电话响起,是熊天佑的声音,张秘书眉毛一竖,给他凶回去:我马上就谈完了,对,小韩么,还有哪个韩小姐?!
出乎意料是熊天佑唯唯诺诺答应了几个好,还问了她吃没吃饭。张秘书说吃了,立马挂了电话。
熊总创业时我就是他秘书,跟人家合租一个办公室,他跑业务,我坐班,就这么熬下来的。张秘书淡淡地说了一句。

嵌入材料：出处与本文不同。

text \<open>Split at a large \<open>S\<close>: the part of the integral over \<open>[0, S]\<close> decays like \<open>exp (- a t)\<close>,
  and over \<open>[S, t]\<close> the kernel \<open>exp (- a (t - s))\<close> beats the factor \<open>r s / r t \<le> exp (a/2 (t - s))\<close>.\<close>
lemma exp_conv_smallo:
  assumes r: "subexp_decay r" and a: "0 < a"
    and h: "continuous_on {0..} h" and ho: "h \<in> o[at_top](r)"
  shows "exp_conv a h \<in> o[at_top](r)"
proof (rule landau_o.smallI)
  fix c :: real assume c: "0 < c"
  have r_pos: "0 < r t" for t by (rule subexp_decay_pos[OF r])
  obtain S0 where S0: "\<And>s t. S0 \<le> s \<Longrightarrow> s \<le> t \<Longrightarrow> r s \<le> exp (a / 2 * (t - s)) * r t"
    using subexp_decayD[OF r, of "a / 2"] a by auto
  obtain S1 where S1: "\<And>t. S1 \<le> t \<Longrightarrow> \<bar>h t\<bar> \<le> c * a / 4 * r t"
    using landau_o.smallD[OF ho, of "c * a / 4"] c a r_pos
    by (auto simp: eventually_at_top_linorder abs_of_pos)
  define S where "S = max 0 (max S0 S1)"
  have cont: "continuous_on {u..v} (\<lambda>s. exp (- a * (t - s)) * h s)" if "0 \<le> u" for u v t
    using that by (intro continuous_intros continuous_on_subset[OF h]) auto
  have split: "exp_conv a h t = integral {0..S} (\<lambda>s. exp (- a * (t - s)) * h s)
      + integral {S..t} (\<lambda>s. exp (- a * (t - s)) * h s)" if "S \<le> t" for t
    unfolding exp_conv_def using that integrable_continuous_real[OF cont[of 0 t]]
    by (intro Henstock_Kurzweil_Integration.integral_combine[symmetric]) (auto simp: S_def)
  have tail: "\<bar>integral {S..t} (\<lambda>s. exp (- a * (t - s)) * h s)\<bar> \<le> c / 2 * r t" if t: "S \<le> t" for t
  proof -
    have "\<bar>h s\<bar> \<le> c * a / 4 * r t * exp (a / 2 * (t - s))" if "s \<in> {S..t}" for s
    proof -
      have "\<bar>h s\<bar> \<le> c * a / 4 * r s" using S1 that by (auto simp: S_def)
      also have "\<dots> \<le> c * a / 4 * (exp (a / 2 * (t - s)) * r t)"
        using S0[of s t] that c a by (intro mult_left_mono) (auto simp: S_def)
      finally show ?thesis by (simp add: algebra_simps)
    qed
    then have "\<bar>integral {S..t} (\<lambda>s. exp (- a * (t - s)) * h s)\<bar> \<le> 2 * (c * a / 4 * r t) / a"
      using t integrable_continuous_real[OF cont[of S t]]
      by (intro abs_integral_exp_kernel_le a) (auto simp: S_def)
    also have "\<dots> = c / 2 * r t" using a by simp
    finally show ?thesis .
  qed
  have "\<forall>\<^sub>F t in at_top. \<bar>integral {0..S} (\<lambda>s. exp (- a * (t - s)) * h s)\<bar> \<le> c / 2 * r t"
    using landau_o.smallD[OF exp_conv_head_smallo[OF r a], of "c / 2"] c r_pos
    by (simp add: abs_of_pos)
  with eventually_ge_at_top[of S]
  show "\<forall>\<^sub>F t in at_top. norm (exp_conv a h t) \<le> c * norm (r t)"
    by eventually_elim (use split tail r_pos in \<open>fastforce simp: abs_of_pos\<close>)
qed

lemma exp_conv2_smallo:
  assumes r: "subexp_decay r" and a: "0 < a"
    and h: "continuous_on {0..} h" and ho: "h \<in> o[at_top](r)"
  shows "exp_conv a (exp_conv a h) \<in> o[at_top](r)"
  by (intro exp_conv_smallo[OF r a] exp_conv_smallo[OF r a h ho] continuous_on_exp_conv
      absolutely_integrable_on_if_continuous_on h)

lemma exp_conv2_osc_smallo:
  assumes r: "subexp_decay r" and a: "0 < a"
    and h: "continuous_on {0..} h" and ho: "h \<in> o[at_top](r)"
  shows "exp_conv2_osc a h \<in> o[at_top](r)"
  unfolding exp_conv2_osc_def[abs_def]
  using ho exp_conv_smallo[OF r a h ho] exp_conv2_smallo[OF r a h ho]
  by (intro sum_in_smallo) auto

lemma exp_conv2_osc_smallo_if_second_derivative:
  assumes r: "subexp_decay r" and a: "0 < a"
    and h: "\<And>t. 0 \<le> t \<Longrightarrow> (h has_real_derivative h' t) (at t within {0..})"
    and h': "\<And>t. 0 \<le> t \<Longrightarrow> (h' has_real_derivative g t - a * h t) (at t within {0..})"
    and g: "continuous_on {0..} g" and go: "g \<in> o[at_top](r)"
  shows "exp_conv2_osc a h \<in> o[at_top](r)"
proof -
  have h_cont: "continuous_on {0..} h"
    using h by (auto intro!: DERIV_continuous_on)
  have osc_eq: "exp_conv a (exp_conv a g) t + (h 0 + (h' 0 - a * h 0) * t) * exp (- a * t)
      = exp_conv2_osc a h t" if "0 \<le> t" for t
    using exp_conv2_second_derivative[OF h _ has_integral_if_has_derivative[OF h'] that, where a = a]
    by (simp add: absolutely_integrable_on_if_continuous_on continuous_intros g h_cont)
  from eventually_ge_at_top[of 0] have "\<forall>\<^sub>F t in at_top.
      exp_conv a (exp_conv a g) t + (h 0 + (h' 0 - a * h 0) * t) * exp (- a * t) = exp_conv2_osc a h t"
    by eventually_elim (rule osc_eq)
  moreover have "(\<lambda>t. (h 0 + (h' 0 - a * h 0) * t) * exp (- a * t)) \<in> o[at_top](\<lambda>t. exp (- (a / 2) * t))"
    using a by real_asymp
  then have "(\<lambda>t. exp_conv a (exp_conv a g) t + (h 0 + (h' 0 - a * h 0) * t) * exp (- a * t))
      \<in> o[at_top](r)"
    using exp_bigo_if_subexp_decay[OF r, of "a / 2"] a
    by (intro sum_in_smallo exp_conv2_smallo[OF r a g go]) (auto intro: landau_o.small_big_trans)
  ultimately show ?thesis by (simp add: landau_o.small.in_cong)
qed

section \<open>The damped oscillator\<close>

lemma bounded_mult_bigo:
  fixes r b :: "real \<Rightarrow> real"
  assumes "\<And>t. \<bar>b t\<bar> \<le> B"
  shows "(\<lambda>t. r t * b t) \<in> O[at_top](r)"
proof (rule bigoI)
  have "\<bar>r t * b t\<bar> \<le> B * \<bar>r t\<bar>" for t
    using mult_right_mono[OF assms[of t] abs_ge_zero[of "r t"]] by (simp add: abs_mult mult.commute)
  then show "\<forall>\<^sub>F t in at_top. norm (r t * b t) \<le> B * norm (r t)" by simp
qed

lemma tendsto_zero_mult_bigo:
  fixes u v r :: "real \<Rightarrow> real"
  assumes "(u \<longlongrightarrow> 0) at_top" "v \<in> O[at_top](r)"
  shows "(\<lambda>t. u t * v t) \<in> o[at_top](r)"
proof -
  have "u \<in> o[at_top](\<lambda>_. 1)" by (rule smalloI_tendsto) (use assms(1) in auto)
  from landau_o.small_big_mult[OF this assms(2)] show ?thesis by simp
qed

lemma abs_sin_cos_combination_le:
  fixes c1 c2 x :: real
  shows "\<bar>c1 * sin x + c2 * cos x\<bar> \<le> \<bar>c1\<bar> + \<bar>c2\<bar>"
  by (rule order_trans[OF abs_triangle_ineq add_mono]) (simp_all add: abs_mult mult_right_le_one_le)
lemma Jstar_two_slot:
  assumes B: "B > 0" and K: "K \<ge> 2"
    and good: "AE y in S. 0 \<le> fst (snd y) \<and> 0 \<le> snd (snd y) \<and> 0 < max (fst (snd y)) (snd (snd y))"
    and x: "0 \<le> fst x" "0 \<le> fst (snd x)"
  shows "Jstar S K B x \<le> ennreal (exp B - 1) * inverse (ennreal (max (fst x) (fst (snd x))))
      + ennreal (exp B - 1) * (\<integral>\<^sup>+ s. inverse (ennreal (max (fst (snd s)) (snd (snd s)))) \<partial>S)"
    (is "_ \<le> ?first + ?second")
proof (cases "0 < max (fst x) (fst (snd x))")
  case False
  then have "max (fst x) (fst (snd x)) = 0" using x by auto
  then show ?thesis using B by simp
next
  case True
  define q where "q = two_slot_powers (exp B - 1)"
  have c: "exp B - 1 > 0" using B by simp
  have q_meas: "q k \<in> borel_measurable S" for k
    unfolding q_def two_slot_powers_def by measurable
  have "AE g in rest_law S K. snd (bstate B (memoryless q) (g(1 := x)) K) \<le> 0"
    using AE_rest_slots[OF good]
  proof (rule eventually_mono)
    fix g :: "nat \<Rightarrow> snr"
    assume "\<forall>k\<in>{2..K}. 0 \<le> fst (snd (g k)) \<and> 0 \<le> snd (snd (g k))
        \<and> 0 < max (fst (snd (g k))) (snd (snd (g k)))"
    then have "0 \<le> fst (snd (g 2))" "0 \<le> snd (snd (g 2))" "0 < max (fst (snd (g 2))) (snd (snd (g 2)))"
      using K by auto
    with two_slot_completes[OF B, of "g(1 := x)" K] x True K
    show "snd (bstate B (memoryless q) (g(1 := x)) K) \<le> 0"
      by (simp add: q_def)
  qed
  then have "feasible S K B x (memoryless q)"
    using c q_meas by (intro feasible_memoryless) (simp_all add: q_def two_slot_powers_def power_for_nonneg)
  then have "Jstar S K B x \<le> ennreal (q 1 x) + (\<Sum>k=2..K. \<integral>\<^sup>+ s. ennreal (q k s) \<partial>S)"
    using K q_meas by (intro Jstar_memoryless) simp_all
  also have "(\<Sum>k=2..K. \<integral>\<^sup>+ s. ennreal (q k s) \<partial>S) = (\<integral>\<^sup>+ s. ennreal (q 2 s) \<partial>S)"
    using K by (subst sum.remove[of _ 2]) (auto simp: q_def two_slot_powers_def intro!: sum.neutral)
  also have "ennreal (q 1 x) + (\<integral>\<^sup>+ s. ennreal (q 2 s) \<partial>S) \<le> ?first + ?second"
  proof (rule add_mono)
    show "ennreal (q 1 x) \<le> ?first"
      using c by (simp add: q_def two_slot_powers_def power_for_le)
    have "(\<integral>\<^sup>+ s. ennreal (q 2 s) \<partial>S)
        \<le> (\<integral>\<^sup>+ s. ennreal (exp B - 1) * inverse (ennreal (max (fst (snd s)) (snd (snd s)))) \<partial>S)"
      using c by (intro nn_integral_mono) (simp add: q_def two_slot_powers_def power_for_le)
    also have "\<dots> = ?second" by (rule nn_integral_cmult) measurable
    finally show "(\<integral>\<^sup>+ s. ennreal (q 2 s) \<partial>S) \<le> ?second" .
  qed
  finally show ?thesis .
qed

end

section \<open>The two per-slot laws of the theorem\<close>

context
  fixes M :: "real measure"
  assumes prob_M: "prob_space M" and sets_M [measurable_cong]: "sets M = sets borel"
begin

lemma prob_space_MM: "prob_space (M \<Otimes>\<^sub>M M)"
  by (intro prob_space_pair prob_M)

lemma slot_law_space_slot_law: "slot_law_space (slot_law M)"
  unfolding slot_law_space_def slot_law_space_axioms_def slot_law_def
  by (auto simp: prob_space_pair prob_M intro!: sets_pair_measure_cong sets_M)

lemma AE_slot_law:
  assumes "AE x in M. Q x"
  shows "AE s in slot_law M. Q (fst s) \<and> Q (fst (snd s)) \<and> Q (snd (snd s))"
proof -
  have "AE s in slot_law M. Q (fst s)"
    unfolding slot_law_def by (rule AE_pair_fst[OF prob_M prob_space_MM assms])
  moreover have "AE s in slot_law M. Q (fst (snd s))" "AE s in slot_law M. Q (snd (snd s))"
    unfolding slot_law_def
    by (intro AE_pair_snd[OF prob_M prob_space_MM] AE_pair_fst[OF prob_M prob_M] AE_pair_snd[OF prob_M prob_M]
        assms)+
  ultimately show ?thesis by eventually_elim simp
qed

text \<open>Both pairs of links used by the two-slot relaying policy, (SR, SD) and (SD, RD),
  consist of two independent links with law M.\<close>
lemma nn_integral_slot_law_last_pair:
  assumes "h \<in> borel_measurable (M \<Otimes>\<^sub>M M)"
  shows "(\<integral>\<^sup>+ s. h (snd s) \<partial>slot_law M) = integral\<^sup>N (M \<Otimes>\<^sub>M M) h"
  unfolding slot_law_def by (rule nn_integral_pair_snd[OF prob_M prob_space_MM assms])

lemma nn_integral_slot_law_first_pair:
  assumes h [measurable]: "h \<in> borel_measurable (M \<Otimes>\<^sub>M M)"
  shows "(\<integral>\<^sup>+ s. h (fst s, fst (snd s)) \<partial>slot_law M) = integral\<^sup>N (M \<Otimes>\<^sub>M M) h"
proof -
  interpret M: prob_space M by (rule prob_M)
  interpret MM: prob_space "M \<Otimes>\<^sub>M M" by (rule prob_space_MM)
  have "(\<integral>\<^sup>+ s. h (fst s, fst (snd s)) \<partial>slot_law M) = (\<integral>\<^sup>+ a. \<integral>\<^sup>+ bc. h (a, fst bc) \<partial>(M \<Otimes>\<^sub>M M) \<partial>M)"
    unfolding slot_law_def by (subst MM.nn_integral_fst[symmetric]) simp_all
  also have "\<dots> = (\<integral>\<^sup>+ a. \<integral>\<^sup>+ b. h (a, b) \<partial>M \<partial>M)"
    by (intro nn_integral_cong nn_integral_pair_fst[OF prob_M prob_M]) simp
  also have "\<dots> = integral\<^sup>N (M \<Otimes>\<^sub>M M) h"
    by (rule M.nn_integral_fst) simp
  finally show ?thesis .
qed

韩晓云起了八卦心,这要是王雨诗在,说什么也得把这两位撮合成了,她好把喜事承办下来赚一笔。但韩晓云嘴里说的是:
有您这样的得力下属,才是熊总成功的关键。
成功?早着呢,熊总……母亲的事对他来说是非常重要的,所以,请韩小姐多多上心,把这件大事办好。
我会的。韩晓云立刻做出保证,不容置疑。
张秘书开得是辆日本车,轻巧省油,韩晓云更加确信这位张秘的办事风格才是熊总的里子,踏实,省钱,有板有眼绝不含糊,外在的浮夸都是给别人看的,真想把事情做成了,必须一分钱也要花在刀刃上。

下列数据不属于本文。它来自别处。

lemma ff_span_var: "ff_span n d g \<Longrightarrow> j < n \<Longrightarrow> ff_span n (Suc d) (\<lambda>z. z j * g z)"
proof (induction rule: ff_span.induct)
  case (gen \<alpha> d)
  have "ff_span n (Suc d) (\<lambda>z. falling_monomial n (\<alpha>(j := Suc (\<alpha> j))) z
      + of_nat (\<alpha> j) * falling_monomial n \<alpha> z)"
    using gen multidegree_update_Suc[of j n \<alpha>] by (intro ff_span.intros) auto
  then show ?case by (simp add: var_times_falling_monomial[OF gen.prems])
next
  case (add d f g)
  then show ?case by (simp add: distrib_left ff_span.add)
next
  case (scale d g c)
  then show ?case by (simp add: mult.left_commute ff_span.scale)
qed

lemma poly_fun_imp_ff_span: "poly_fun n d g \<Longrightarrow> ff_span n d g"
proof (induction rule: poly_fun.induct)
  case (one d)
  have "ff_span n d (falling_monomial n (\<lambda>_. 0))"
    by (rule ff_span.gen) (simp add: multidegree_def)
  moreover have "falling_monomial n (\<lambda>_. 0) = (\<lambda>z. 1)"
    by (simp add: falling_monomial_def fun_eq_iff)
  ultimately show ?case by simp
qed (auto intro: ff_span.add ff_span.scale ff_span_var ff_span_mono)

definition vanishes_at_all_but_one ::
    "((nat \<Rightarrow> complex) \<Rightarrow> complex) \<Rightarrow> nat \<Rightarrow> (nat \<Rightarrow> nat \<Rightarrow> complex) \<Rightarrow> bool" where
  "vanishes_at_all_but_one g m p \<longleftrightarrow> (\<exists>i0\<le>m. g (p i0) \<noteq> 0 \<and> (\<forall>i\<le>m. i \<noteq> i0 \<longrightarrow> g (p i) = 0))"
theorem lundberg_inequality:
  assumes W [measurable]: "\<And>k. W k \<in> borel_measurable M"
    and indep: "\<And>k. indep_set (gen_sigma M W {..<k}) (gen_sigma M W {k})"
    and lund: "\<And>k. (\<integral>\<^sup>+\<omega>. ennreal (exp (R * W k \<omega>)) \<partial>M) \<le> 1"
    and "R > 0"
  shows "prob {\<omega>\<in>space M. \<exists>J. a < (\<Sum>j<J. W j \<omega>)} \<le> exp (- R * a)"
proof -
  define B where "B k = {\<omega>\<in>space M. a < stopped_sum a (\<lambda>j. W j \<omega>) k}" for k
  have [measurable]: "(\<lambda>\<omega>. stopped_sum a (\<lambda>j. W j \<omega>) k) \<in> borel_measurable M" for k
    by (rule measurable_stopped_sum) simp
  then have B_events: "range B \<subseteq> events"
    unfolding B_def by auto
  have "emeasure M (B k) \<le> exp (- R * a)" for k
  proof -
    have "emeasure M (B k) \<le> emeasure M {\<omega>\<in>space M. stopped_sum a (\<lambda>j. W j \<omega>) k \<ge> a}"
      unfolding B_def by (rule emeasure_mono) auto
    also have "\<dots> \<le> ennreal (exp (- R * a))
        * (\<integral>\<^sup>+\<omega>. ennreal (exp (R * stopped_sum a (\<lambda>j. W j \<omega>) k)) * indicator (space M) \<omega> \<partial>M)"
      using \<open>R > 0\<close> by (intro Chernoff_ineq_nn_integral_ge) auto
    also have "\<dots> = ennreal (exp (- R * a)) * (\<integral>\<^sup>+\<omega>. ennreal (exp (R * stopped_sum a (\<lambda>j. W j \<omega>) k)) \<partial>M)"
      by (intro arg_cong[where f="(*) _"] nn_integral_cong) simp
    also have "\<dots> \<le> ennreal (exp (- R * a)) * 1"
      using nn_integral_exp_stopped_sum_le_1[OF W indep lund] by (rule mult_left_mono) simp
    finally show ?thesis
      by simp
  qed
  moreover have "incseq B"
    unfolding B_def stopped_sum_gt_iff by (intro incseq_SucI) (auto intro: le_SucI)
  moreover have "{\<omega>\<in>space M. \<exists>J. a < (\<Sum>j<J. W j \<omega>)} = (\<Union>k. B k)"
    unfolding B_def stopped_sum_gt_iff by blast
  ultimately have "emeasure M {\<omega>\<in>space M. \<exists>J. a < (\<Sum>j<J. W j \<omega>)} \<le> exp (- R * a)"
    using B_events by (simp add: SUP_emeasure_incseq[symmetric] SUP_least)
  then show ?thesis
    by (simp add: emeasure_eq_measure)
qed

吃饭的时候气氛轻松,因为马思晴不在,回省城办事去了。韩妈妈把吴大北的事说起来下饭了:
大北也是个不着调的孩子,奇怪了女孩子还就喜欢他这样的。他在大学有个女朋友,开饭馆倒闭就不要他了,说找了大款穿金戴银的,他那时成天在这边窜,还也吃上丧事这碗饭了,老李他家么,看上他了,其实想招他做女婿,李家腊梅可是好姑娘,我们那时候都说他家赔本买卖,招这样上门女婿,别把家底儿给赔了,腊梅子还跟我们不乐意了,那一段见面都不叫人的。
吴大北不是拆迁有不少钱么?韩晓云吃了几口饭就放下筷子了,看着韩晓龙伺候马小步吃,她也帮着夹菜。
拆迁没少分钱,那一阵子他可抖起来了,说是又要回省城去干什么大买卖。我们觉得他跟腊梅子的事也该办了,红包我都包好了,谁想到腊梅说要订婚了,跟她家的乡下伙计。韩妈妈到现在还痛心疾首:太可惜了,那么好一个人儿,怎么找那么个不吭不哈的乡下脑壳。
这也新鲜了,也没人知道为什么吧。韩晓云搭了句话,想不到马小步接茬了:
我知道。腊梅姐说大北叔叔回省城去就不会跟她结婚了,大北叔说她没有即兴,腊梅姐说即兴不即兴不是他说了算的……哎哟,爸你干吗不让我说?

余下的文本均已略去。